(Saved data entries)
(* Assume $b<0$ and $a>0$, and let $(J,E)\in D_1$, with $q\in(0,\sqrt{a/3})$ such that $J=q(q^2-a)/b$. Then $$\lim_{E\to E_+(J)}T(J,E)=+\infty,\quad \lim_{E\to E_+(J)}\tilde M(J,E)=+\infty,\quad \lim_{E\to E_+(J)}\frac{\tilde M(J,E)}{T(J,E)}=\frac{q^2-a}{2b},$$ $$\lim_{E\to E_+(J)}\tilde P(J,E)=+\infty,\quad \lim_{E\to E_+(J)}\frac{\tilde P(J,E)}{T(J,E)}=\frac{q(q^2-a)}{2b}.$$
   Context: Consider the ODE $u_{xx}+au+b|u|^2u=0$ with $b<0<a$, and the quantities $J=\operatorname{Im}(u\bar u_x)$, $E=\frac12|u_x|^2+\frac a2|u|^2+\frac b4|u|^4$. Let $V_J(r)=\frac{J^2}{2r^2}+a\frac{r^2}{2}+b\frac{r^4}{4}$. For $0<J<\sqrt{\frac{4a^3}{27b^2}}$ write $J=q(q^2-a)/b=Q(Q^2-a)/b$ with $0<q^2<a/3<Q^2<a$, $q,Q>0$; set $E_-(J)=\frac1{4b}(Q^2-a)(3Q^2+a)$ and $E_+(J)=\frac1{4b}(q^2-a)(3q^2+a)$ (local minimum and maximum values of $V_J$). Let $D_1=\{(J,E):0<J<\sqrt{\frac{4a^3}{27b^2}},\ E_-(J)<E<E_+(J)\}$. For $(J,E)\in D_1$, let $r_1<r_2<r_3$ be the positive roots of $E-V_J(r)$ and define $T(J,E)=2\int_{r_1}^{r_2}\frac{dr}{\sqrt{2(E-V_J(r))}}$, $\tilde M(J,E)=\int_{r_1}^{r_2}\frac{r^2\,dr}{\sqrt{2(E-V_J(r))}}$, and $\tilde P(J,E)=\frac12 J\,T(J,E)$. *)

theory Defs
  imports "HOL-Analysis.Analysis"
begin

definition VJ :: "real \<Rightarrow> real \<Rightarrow> real \<Rightarrow> real \<Rightarrow> real" where
  "VJ a b J r = J^2 / (2 * r^2) + a * r^2 / 2 + b * r^4 / 4"

definition small_q :: "real \<Rightarrow> real \<Rightarrow> real \<Rightarrow> real" where
  "small_q a b J = (THE q. 0 < q \<and> q^2 < a/3 \<and> J = q * (q^2 - a) / b)"

definition big_Q :: "real \<Rightarrow> real \<Rightarrow> real \<Rightarrow> real" where
  "big_Q a b J = (THE Q. 0 < Q \<and> a/3 < Q^2 \<and> Q^2 < a \<and> J = Q * (Q^2 - a) / b)"

definition Eminus :: "real \<Rightarrow> real \<Rightarrow> real \<Rightarrow> real" where
  "Eminus a b J = (let Q = big_Q a b J in (Q^2 - a) * (3 * Q^2 + a) / (4 * b))"

definition Eplus :: "real \<Rightarrow> real \<Rightarrow> real \<Rightarrow> real" where
  "Eplus a b J = (let q = small_q a b J in (q^2 - a) * (3 * q^2 + a) / (4 * b))"

definition D1 :: "real \<Rightarrow> real \<Rightarrow> (real \<times> real) set" where
  "D1 a b = {(J, E). 0 < J \<and> J < sqrt (4 * a^3 / (27 * b^2)) \<and>
                     Eminus a b J < E \<and> E < Eplus a b J}"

* **REQUIREMENT**: Go through the data above and copy each line in which "Eminus" appears.

* **ANSWER FOR THE TASK**:
definition Eminus :: "real \<Rightarrow> real \<Rightarrow> real \<Rightarrow> real" where
  "Eminus a b J = (let Q = big_Q a b J in (Q^2 - a) * (3 * Q^2 + a) / (4 * b))"
                     Eminus a b J < E \<and> E < Eplus a b J}"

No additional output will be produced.